**DATA RECORDS**
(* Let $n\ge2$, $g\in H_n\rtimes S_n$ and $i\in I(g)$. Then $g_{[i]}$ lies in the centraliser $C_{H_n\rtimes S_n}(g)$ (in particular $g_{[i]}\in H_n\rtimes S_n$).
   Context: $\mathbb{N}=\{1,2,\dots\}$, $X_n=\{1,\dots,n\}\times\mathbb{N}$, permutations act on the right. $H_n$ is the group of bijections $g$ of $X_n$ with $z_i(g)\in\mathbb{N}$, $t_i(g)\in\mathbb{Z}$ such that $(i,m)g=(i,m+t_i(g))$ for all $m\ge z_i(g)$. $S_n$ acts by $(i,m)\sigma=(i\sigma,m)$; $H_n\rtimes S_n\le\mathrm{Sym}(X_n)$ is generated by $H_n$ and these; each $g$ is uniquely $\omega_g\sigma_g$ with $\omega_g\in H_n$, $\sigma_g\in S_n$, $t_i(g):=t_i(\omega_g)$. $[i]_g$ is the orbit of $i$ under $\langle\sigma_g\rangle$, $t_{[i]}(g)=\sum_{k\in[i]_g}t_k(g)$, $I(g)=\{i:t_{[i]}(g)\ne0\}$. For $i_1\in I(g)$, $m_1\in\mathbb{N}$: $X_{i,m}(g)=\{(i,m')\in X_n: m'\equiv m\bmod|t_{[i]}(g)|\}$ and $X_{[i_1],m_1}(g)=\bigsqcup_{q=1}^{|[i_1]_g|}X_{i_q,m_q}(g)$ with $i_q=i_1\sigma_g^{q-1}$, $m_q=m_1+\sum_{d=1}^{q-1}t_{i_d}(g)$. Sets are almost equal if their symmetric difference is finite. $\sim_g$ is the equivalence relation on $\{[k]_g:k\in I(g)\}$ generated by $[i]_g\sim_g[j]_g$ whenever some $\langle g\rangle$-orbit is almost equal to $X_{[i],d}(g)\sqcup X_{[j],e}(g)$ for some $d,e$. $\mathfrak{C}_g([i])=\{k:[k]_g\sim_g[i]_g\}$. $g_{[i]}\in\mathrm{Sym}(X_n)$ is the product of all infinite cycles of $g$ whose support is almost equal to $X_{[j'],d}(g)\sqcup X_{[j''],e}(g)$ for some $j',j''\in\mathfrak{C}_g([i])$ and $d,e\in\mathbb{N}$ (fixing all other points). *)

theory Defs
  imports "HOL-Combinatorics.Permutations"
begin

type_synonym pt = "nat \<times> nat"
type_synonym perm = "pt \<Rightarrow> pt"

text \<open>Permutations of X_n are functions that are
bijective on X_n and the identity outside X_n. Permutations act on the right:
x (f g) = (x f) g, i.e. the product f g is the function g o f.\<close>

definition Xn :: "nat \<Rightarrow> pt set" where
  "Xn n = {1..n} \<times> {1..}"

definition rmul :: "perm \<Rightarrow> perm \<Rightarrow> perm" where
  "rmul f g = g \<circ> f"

**TASK INSTRUCTIONS**
Would you reproduce the material above in full, exactly as given?

**SOLUTION**
(* Let $n\ge2$, $g\in H_n\rtimes S_n$ and $i\in I(g)$. Then $g_{[i]}$ lies in the centraliser $C_{H_n\rtimes S_n}(g)$ (in particular $g_{[i]}\in H_n\rtimes S_n$).
   Context: $\mathbb{N}=\{1,2,\dots\}$, $X_n=\{1,\dots,n\}\times\mathbb{N}$, permutations act on the right. $H_n$ is the group of bijections $g$ of $X_n$ with $z_i(g)\in\mathbb{N}$, $t_i(g)\in\mathbb{Z}$ such that $(i,m)g=(i,m+t_i(g))$ for all $m\ge z_i(g)$. $S_n$ acts by $(i,m)\sigma=(i\sigma,m)$; $H_n\rtimes S_n\le\mathrm{Sym}(X_n)$ is generated by $H_n$ and these; each $g$ is uniquely $\omega_g\sigma_g$ with $\omega_g\in H_n$, $\sigma_g\in S_n$, $t_i(g):=t_i(\omega_g)$. $[i]_g$ is the orbit of $i$ under $\langle\sigma_g\rangle$, $t_{[i]}(g)=\sum_{k\in[i]_g}t_k(g)$, $I(g)=\{i:t_{[i]}(g)\ne0\}$. For $i_1\in I(g)$, $m_1\in\mathbb{N}$: $X_{i,m}(g)=\{(i,m')\in X_n: m'\equiv m\bmod|t_{[i]}(g)|\}$ and $X_{[i_1],m_1}(g)=\bigsqcup_{q=1}^{|[i_1]_g|}X_{i_q,m_q}(g)$ with $i_q=i_1\sigma_g^{q-1}$, $m_q=m_1+\sum_{d=1}^{q-1}t_{i_d}(g)$. Sets are almost equal if their symmetric difference is finite. $\sim_g$ is the equivalence relation on $\{[k]_g:k\in I(g)\}$ generated by $[i]_g\sim_g[j]_g$ whenever some $\langle g\rangle$-orbit is almost equal to $X_{[i],d}(g)\sqcup X_{[j],e}(g)$ for some $d,e$. $\mathfrak{C}_g([i])=\{k:[k]_g\sim_g[i]_g\}$. $g_{[i]}\in\mathrm{Sym}(X_n)$ is the product of all infinite cycles of $g$ whose support is almost equal to $X_{[j'],d}(g)\sqcup X_{[j''],e}(g)$ for some $j',j''\in\mathfrak{C}_g([i])$ and $d,e\in\mathbb{N}$ (fixing all other points). *)

theory Defs
  imports "HOL-Combinatorics.Permutations"
begin

type_synonym pt = "nat \<times> nat"
type_synonym perm = "pt \<Rightarrow> pt"

text \<open>Permutations of X_n are functions that are
bijective on X_n and the identity outside X_n. Permutations act on the right:
x (f g) = (x f) g, i.e. the product f g is the function g o f.\<close>

definition Xn :: "nat \<Rightarrow> pt set" where
  "Xn n = {1..n} \<times> {1..}"

definition rmul :: "perm \<Rightarrow> perm \<Rightarrow> perm" where
  "rmul f g = g \<circ> f"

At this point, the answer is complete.